Figure 5.. Niche cells are polarized during assembly

(A) Stills from a time course of a gonad expressing six4-eGFP::moesin to label F-actin in all SGPs. F-actin accumulates at niche-niche interfaces when niche cells begin to associate (arrow), and later repolarizes to niche-stem cell interfaces (asterisk). (B and C) Quantification of F-actin accumulation at niche-niche or niche-germ cell interfaces (B) during and (C) after completion of niche assembly in fixed tissue (p < 0.0001, Wilcoxon test). (D) Niche cells in fixed tissue expressing a somatic cell F-actin label, six4-eGFP::moesin in islet mutants in which niche cells have begun to associate but have not completed assembly. (E) F-actin accumulation at niche cell interfaces in islet mutants. (F) A model illustrating how Vm signals influence niche assembly. (G and I) Niche cells from fixed Stage 17 control gonads (G) expressing six4-eGFP::moesin or (I) immunostained for E-cadherin. (H) F-actin accumulation at niche-GSC interfaces versus niche-niche interfaces (p < 0.0001, Mann-Whitney test). (J) E-cadherin accumulates at niche-niche interfaces compared with niche-GSC interfaces (p < 0.0001, Mann-Whitney test). (K–N) Quantification of polarity loss in Stage 17 niches for (K) F-actin in biniou, (L) E-cadherin in biniou, (M) Ecad with pyr and ths removed (fgf), or (N) Ecad in slit mutants (Mann-Whitney tests). Asterisks, niche-GSC interfaces; arrows, niche-niche interfaces. Scale bars, 5 μm.

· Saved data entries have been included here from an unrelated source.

(* Let $X$ be a countable infinite set, $\mathcal{I}$ a hereditarily meager ideal on $X$, and $\tau$ an $\mathcal{I}$-crowded topology on $X$ with $w(\tau)<\mathfrak{m}_c$. Suppose $A\subseteq X$ is $(\mathcal{I},\tau)$-crowded. Then there is a partition $A=\bigcup_{m\in\omega}A_m$ such that each $A_m$ is $(\mathcal{I},\tau)$-crowded and dense in $A$.
   Context: An ideal on $X$ is a family of subsets of $X$ closed under subsets and finite unions; all ideals are assumed proper ($X\notin\mathcal{I}$) and free (every finite subset of $X$ is in $\mathcal{I}$). $\mathcal{I}^+=\mathcal{P}(X)\setminus\mathcal{I}$. Subsets of $X$ are identified with points of $2^X$ (product topology). $\mathcal{I}$ is hereditarily meager (HM) if for every $A\in\mathcal{I}^+$, $\mathcal{I}\cap\mathcal{P}(A)$ is meager in $2^A$. A topology $\tau$ on $X$ is $\mathcal{I}$-crowded if $\tau\cap\mathcal{I}=\{\emptyset\}$. A set $A\subseteq X$ is $(\mathcal{I},\tau)$-crowded if for every $U\in\tau$, $A\cap U$ is either empty or belongs to $\mathcal{I}^+$. $\mathfrak{m}_c$ is the least cardinal $\kappa$ such that Martin's Axiom MA$(\kappa)$ for countable posets fails. $w$ denotes weight. *)

theory Defs
  imports "HOL-Analysis.Analysis"
begin

definition is_ideal_on :: "'a set \<Rightarrow> 'a set set \<Rightarrow> bool" where
  "is_ideal_on X I \<longleftrightarrow>
     I \<subseteq> Pow X \<and>
     (\<forall>A\<in>I. \<forall>B. B \<subseteq> A \<longrightarrow> B \<in> I) \<and>
     (\<forall>A\<in>I. \<forall>B\<in>I. A \<union> B \<in> I) \<and>
     X \<notin> I \<and>
     (\<forall>F. F \<subseteq> X \<and> finite F \<longrightarrow> F \<in> I)"

definition nowhere_dense_in :: "'x topology \<Rightarrow> 'x set \<Rightarrow> bool" where
  "nowhere_dense_in T S \<longleftrightarrow> S \<subseteq> topspace T \<and> T interior_of (T closure_of S) = {}"

definition meager_in :: "'x topology \<Rightarrow> 'x set \<Rightarrow> bool" where
  "meager_in T S \<longleftrightarrow> S \<subseteq> topspace T \<and>
     (\<exists>N :: nat \<Rightarrow> 'x set. (\<forall>n. nowhere_dense_in T (N n)) \<and> S \<subseteq> (\<Union>n. N n))"

text \<open>The Cantor cube \<open>2^A\<close> with the product topology; a subset \<open>S \<subseteq> A\<close> is
  identified with its characteristic function restricted to \<open>A\<close>.\<close>
definition cantor_cube :: "'a set \<Rightarrow> ('a \<Rightarrow> bool) topology" where
  "cantor_cube A = product_topology (\<lambda>_. discrete_topology (UNIV :: bool set)) A"

definition char_point :: "'a set \<Rightarrow> 'a set \<Rightarrow> ('a \<Rightarrow> bool)" where
  "char_point A S = restrict (\<lambda>x. x \<in> S) A"

definition hereditarily_meager :: "'a set \<Rightarrow> 'a set set \<Rightarrow> bool" where
  "hereditarily_meager X I \<longleftrightarrow>
     (\<forall>A. A \<subseteq> X \<and> A \<notin> I \<longrightarrow> meager_in (cantor_cube A) (char_point A ` (I \<inter> Pow A)))"

definition ideal_crowded_topology :: "'a set set \<Rightarrow> 'a topology \<Rightarrow> bool" where
  "ideal_crowded_topology I T \<longleftrightarrow> (\<forall>U. openin T U \<and> U \<in> I \<longrightarrow> U = {})"

definition ideal_top_crowded :: "'a set set \<Rightarrow> 'a topology \<Rightarrow> 'a set \<Rightarrow> bool" where
  "ideal_top_crowded I T A \<longleftrightarrow> (\<forall>U. openin T U \<longrightarrow> A \<inter> U = {} \<or> A \<inter> U \<notin> I)"

text \<open>Countable posets are represented (up to isomorphism) on a carrier \<open>P \<subseteq> nat\<close>.\<close>
definition partial_order_on_set :: "nat set \<Rightarrow> (nat \<Rightarrow> nat \<Rightarrow> bool) \<Rightarrow> bool" where
  "partial_order_on_set P le \<longleftrightarrow>
     (\<forall>p\<in>P. le p p) \<and>
     (\<forall>p\<in>P. \<forall>q\<in>P. le p q \<and> le q p \<longrightarrow> p = q) \<and>
     (\<forall>p\<in>P. \<forall>q\<in>P. \<forall>r\<in>P. le p q \<and> le q r \<longrightarrow> le p r)"

definition dense_in_poset :: "nat set \<Rightarrow> (nat \<Rightarrow> nat \<Rightarrow> bool) \<Rightarrow> nat set \<Rightarrow> bool" where
  "dense_in_poset P le D \<longleftrightarrow> D \<subseteq> P \<and> (\<forall>p\<in>P. \<exists>q\<in>D. le q p)"

definition filter_in_poset :: "nat set \<Rightarrow> (nat \<Rightarrow> nat \<Rightarrow> bool) \<Rightarrow> nat set \<Rightarrow> bool" where
  "filter_in_poset P le G \<longleftrightarrow> G \<subseteq> P \<and> G \<noteq> {} \<and>
     (\<forall>p\<in>G. \<forall>q\<in>P. le p q \<longrightarrow> q \<in> G) \<and>
     (\<forall>p\<in>G. \<forall>q\<in>G. \<exists>r\<in>G. le r p \<and> le r q)"

text \<open>\<open>MA_countable K\<close>: MA(\<kappa>) for countable posets, where \<kappa> = |K|.\<close>
definition MA_countable :: "'b set \<Rightarrow> bool" where
  "MA_countable K \<longleftrightarrow>
     (\<forall>P le (D :: 'b \<Rightarrow> nat set). P \<noteq> {} \<and> partial_order_on_set P le \<and>
        (\<forall>k\<in>K. dense_in_poset P le (D k)) \<longrightarrow>
        (\<exists>G. filter_in_poset P le G \<and> (\<forall>k\<in>K. G \<inter> D k \<noteq> {})))"

definition is_base_of :: "'a topology \<Rightarrow> 'a set set \<Rightarrow> bool" where
  "is_base_of T B \<longleftrightarrow> openin T = arbitrary union_of (\<lambda>V. V \<in> B)"

text \<open>\<open>w(T) < m_c\<close>, where m_c is the least cardinal \<kappa> for which MA(\<kappa>) for countable
  posets fails: i.e. MA(\<kappa>) holds for every cardinal \<kappa> \<le> w(T), where \<kappa> \<le> w(T) means
  \<kappa> is at most the cardinality of every base.  Since w(T) \<le> |Pow X|, all such \<kappa>
  are represented by sets \<open>K :: 'a set set\<close>.\<close>
definition weight_below_mc :: "'a topology \<Rightarrow> bool" where
  "weight_below_mc T \<longleftrightarrow>
     (\<forall>K :: 'a set set. (\<forall>B. is_base_of T B \<longrightarrow> (card_of K, card_of B) \<in> ordLeq) \<longrightarrow> MA_countable K)"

Figure 6.. Niche assembly is required for niche function

(A and B) Stage 17 gonad, Stat (white), Fas3 (red, niche cells), and Vasa (germ cells; not shown). Niche cell, asterisk; GSCs, blue dotted line; neighboring germ cells, yellow-dotted line. (A′ and B′) Stat alone. (A″) inverted Stat. (C) Stat accumulation in GSCs relative to neighboring germ cells in control, biniou or combined signaling mutant (slit, pyr, and ths). (D) Quantification of control versus biniou mutants for percentage of GSCs with a centrosome at a GSC-niche interface (p = 0.004, Fisher’s exact test). (E and F) Stage 17 gonad, γ-tubulin (green, centrosomes), Fas3 (white, niche cells), and Vasa (magenta, germ cells). Arrowheads, GSC centrosomes; asterisk, adjacent niche cell. (G and H) Stage 17 gonads pulsed with EdU, fixed and immunostained. Merge shows EdU (white), Fas3 (magenta, niche), and Vasa (green, germ cell), along with single channel Fas3 (G′ and H′), and EdU (G″ and H″). (G′) Control niche cell with no EdU incorporation (blue arrow), and (H′) a biniou mutant niche cell incorporating EdU (yellow arrow). Asterisk, S phase GSC. (I and J) Quantification of control versus biniou mutants for: (I) percentage of gonads with quiescent niches (p = 0.0001, Fisher’s exact test); (J) S-phase index of GSCs. Scale bars, 10 μm.